Multiple articles, commentaries, and analyses (including here at The Diplomat) have, for years, treated as fact the data point that $5.3 trillion in trade transits the South China Sea every year. The origin of that number, however, has long been a mystery.
It first appeared in remarks delivered in late-2010 by then-U.S. Pacific Command chief Admiral Robert F. Willard. Since Willard’s use of the figure, it gradually seeped into common use, becoming an important piece of conventional wisdom on the South China Sea, helping outline the region’s geopolitical and economic salience.
Now, for the first time, a team of researchers at the Center for Strategic and International Studies’ China Power project have dug into the question of just how much trade a year passes through the waterways of the South China Sea. With a new dataset, the researchers conclude that in 2016 the figure comes in at approximately $3.37 trillion.
For all intents and purposes, that number is large enough to make the basic point that a lot of regional trade passes through the South China Sea, but it does fall substantially short of the $5.3 trillion figure that is so commonly used. In 2010, when the figure first appears to have emerged out of U.S. Pacific Command, the CSIS researchers find that total trade volumes through the South China Sea stood in the range of $2.8 trillion, a little more than half the earlier estimate.
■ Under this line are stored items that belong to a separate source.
lemma nn_integral_Hardy_kernel:
  fixes q a s :: real
  assumes q: "q > 1" and a: "a > -1" and s: "s > 0"
  defines "\<gamma> \<equiv> (a + 1) / q"
  shows "(\<integral>\<^sup>+t\<in>{0<..s}. ennreal (t powr a * (t powr (-\<gamma>) / \<gamma>) powr (q-1)) \<partial>lborel)
       = ennreal (\<gamma> powr (-q) * s powr \<gamma>)"
proof -
  have \<gamma>: "\<gamma> > 0" using q a by (simp add: \<gamma>_def)
  have kernel_eq: "t powr a * (t powr (-\<gamma>) / \<gamma>) powr (q-1) = \<gamma> powr (1-q) * t powr (\<gamma>-1)"
    if "t > 0" for t
  proof -
    have "(t powr (-\<gamma>) / \<gamma>) powr (q-1) = (t powr (-\<gamma>)) powr (q-1) / \<gamma> powr (q-1)"
      using \<gamma> by (simp add: powr_divide)
    also have "\<dots> = t powr (- \<gamma> * (q-1)) * inverse (\<gamma> powr (q-1))"
      by (simp only: powr_powr divide_inverse)
    also have "inverse (\<gamma> powr (q-1)) = \<gamma> powr (1-q)"
      using powr_minus[of \<gamma> "q-1"] by simp
    finally have "(t powr (-\<gamma>) / \<gamma>) powr (q-1) = \<gamma> powr (1-q) * t powr (- \<gamma> * (q-1))"
      by simp
    moreover have "\<gamma> - 1 = a + - \<gamma> * (q-1)" using q by (simp add: \<gamma>_def field_simps)
    ultimately show ?thesis by (simp add: powr_add[symmetric] mult_ac)
  qed
  have "(\<integral>\<^sup>+t\<in>{0<..s}. ennreal (t powr a * (t powr (-\<gamma>) / \<gamma>) powr (q-1)) \<partial>lborel)
      = (\<integral>\<^sup>+t. ennreal (\<gamma> powr (1-q)) * ennreal (indicator {0<..s} t * t powr (\<gamma>-1)) \<partial>lborel)"
    by (intro nn_integral_cong) (auto simp: kernel_eq indicator_def ennreal_mult[symmetric])
  also have "\<dots> = ennreal (\<gamma> powr (1-q)) * ennreal (s powr \<gamma> / \<gamma>)"
    using nn_integral_powr_Ioc_0[OF s, of "\<gamma>-1"] \<gamma> by (simp add: nn_integral_cmult)
  also have "\<dots> = ennreal (\<gamma> powr (-q) * s powr \<gamma>)"
    using \<gamma> by (simp add: ennreal_mult[symmetric] powr_diff field_simps powr_add[symmetric])
  finally show ?thesis .
qed

lemma Hardy_inequality_tail:
  fixes g G :: "real \<Rightarrow> real" and q a :: real
  assumes q: "q > 1" and a: "a > -1"
    and [measurable]: "g \<in> borel_measurable borel" and g_nonneg: "\<And>s. g s \<ge> 0"
    and G: "\<And>t. t > 0 \<Longrightarrow> ennreal \<bar>G t\<bar> \<le> (\<integral>\<^sup>+s\<in>{t<..}. ennreal (g s) \<partial>lborel)"
  shows "(\<integral>\<^sup>+t\<in>{0<..}. ennreal (\<bar>G t\<bar> powr q * t powr a) \<partial>lborel)
     \<le> ennreal ((q/(a+1)) powr q) * (\<integral>\<^sup>+t\<in>{0<..}. ennreal (g t powr q * t powr (a+q)) \<partial>lborel)"
proof -
  define \<gamma> where "\<gamma> = (a+1)/q"
  have \<gamma>: "\<gamma> > 0" using q a by (simp add: \<gamma>_def)
  define k where "k t = t powr a * (t powr (-\<gamma>) / \<gamma>) powr (q-1)" for t
  define h where "h s = g s powr q * s powr ((\<gamma>+1) * (q-1))" for s
  have inner: "(\<integral>\<^sup>+t\<in>{0<..s}. ennreal (k t) \<partial>lborel) = ennreal (\<gamma> powr (-q) * s powr \<gamma>)"
    if "s > 0" for s
    using nn_integral_Hardy_kernel[OF q a that] unfolding k_def \<gamma>_def .
  have "(\<integral>\<^sup>+t\<in>{0<..}. ennreal (\<bar>G t\<bar> powr q * t powr a) \<partial>lborel)
      \<le> (\<integral>\<^sup>+t\<in>{0<..}. ennreal (k t) * (\<integral>\<^sup>+s\<in>{t..}. ennreal (h s) \<partial>lborel) \<partial>lborel)"
  proof (intro nn_integral_mono)
    fix t :: real
    show "ennreal (\<bar>G t\<bar> powr q * t powr a) * indicator {0<..} t
        \<le> ennreal (k t) * (\<integral>\<^sup>+s\<in>{t..}. ennreal (h s) \<partial>lborel) * indicator {0<..} t"
    proof (cases "t > 0")
      case True
      have "ennreal (\<bar>G t\<bar> powr q) * ennreal (t powr a)
          \<le> ennreal ((t powr (-\<gamma>) / \<gamma>) powr (q-1)) * (\<integral>\<^sup>+s\<in>{t..}. ennreal (h s) \<partial>lborel)
            * ennreal (t powr a)"
        unfolding h_def
        by (intro mult_right_mono tail_integral_Hoelder_bound[OF q \<gamma> True _ g_nonneg G[OF True]]) auto
      then show ?thesis
        using True by (simp add: k_def ennreal_mult mult_ac)
    qed simp
  qed
  also have "\<dots> = (\<integral>\<^sup>+s\<in>{0<..}. ennreal (h s) * (\<integral>\<^sup>+t\<in>{0<..s}. ennreal (k t) \<partial>lborel) \<partial>lborel)"
    by (rule nn_integral_Ioi_Ici_swap) (auto simp: k_def h_def)
  also have "\<dots> = (\<integral>\<^sup>+s\<in>{0<..}. ennreal (\<gamma> powr (-q)) * ennreal (g s powr q * s powr (a+q)) \<partial>lborel)"
  proof (intro nn_integral_cong)
    fix s :: real
    have "h s * (\<gamma> powr (-q) * s powr \<gamma>) = \<gamma> powr (-q) * (g s powr q * s powr (a+q))" if "s > 0"
    proof -
      have "(\<gamma>+1) * (q-1) + \<gamma> = a + q" using q by (simp add: \<gamma>_def field_simps)
      then show ?thesis using that by (simp add: h_def powr_add[symmetric] mult_ac add.commute)
    qed
    then show "ennreal (h s) * (\<integral>\<^sup>+t\<in>{0<..s}. ennreal (k t) \<partial>lborel) * indicator {0<..} s
        = ennreal (\<gamma> powr (-q)) * ennreal (g s powr q * s powr (a+q)) * indicator {0<..} s"
      by (cases "s > 0") (auto simp: inner h_def ennreal_mult[symmetric])
  qed
  also have "\<dots> = ennreal ((q/(a+1)) powr q) * (\<integral>\<^sup>+t\<in>{0<..}. ennreal (g t powr q * t powr (a+q)) \<partial>lborel)"
    using q a by (subst nn_integral_cmult[symmetric])
      (auto simp: \<gamma>_def powr_minus_divide powr_divide mult.assoc)
  finally show ?thesis .
qed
“The frequent citing of the $5.3 trillion figure in various publications implies an overwhelming concern among the media, scholars, and governments that a disruption of South China Sea trade would precipitate a global economic crisis,” the CSIS report notes.
The new trade estimates offer an enlightening picture of the stakes in the South China Sea for various regional states, including claimants. In 2016, only five countries relied on the South China Sea for more than 50 percent of their total trade.
These include, in descending order, Vietnam (86 percent), Indonesia (85 percent), Thailand (74 percent), Singapore (66 percent), and Malaysia (58 percent). Of these states, only Vietnam and Malaysia are claimants in the South China Sea, while Indonesia maintains an exclusive economic zone dispute with China.
China, meanwhile, despite grabbing headlines for its island-building activities in the South China Sea and broader assertion of jurisdiction in disputed areas through its coast guard, relies on the South China Sea for 39 percent of all its trade.
The CSIS study does demonstrate that the core assertion behind the $5.3 trillion figure remains correct, even if the data point itself was not: the South China Sea is indeed an important nexus for regional and global economic activity. In 2016, 21 percent of all global trade transited the South China Sea, for example.
As a result, any future conflict in the South China Sea, either between regional claimant states or a broader war drawing in the United States, will likely have significant disruptive effects on global commerce.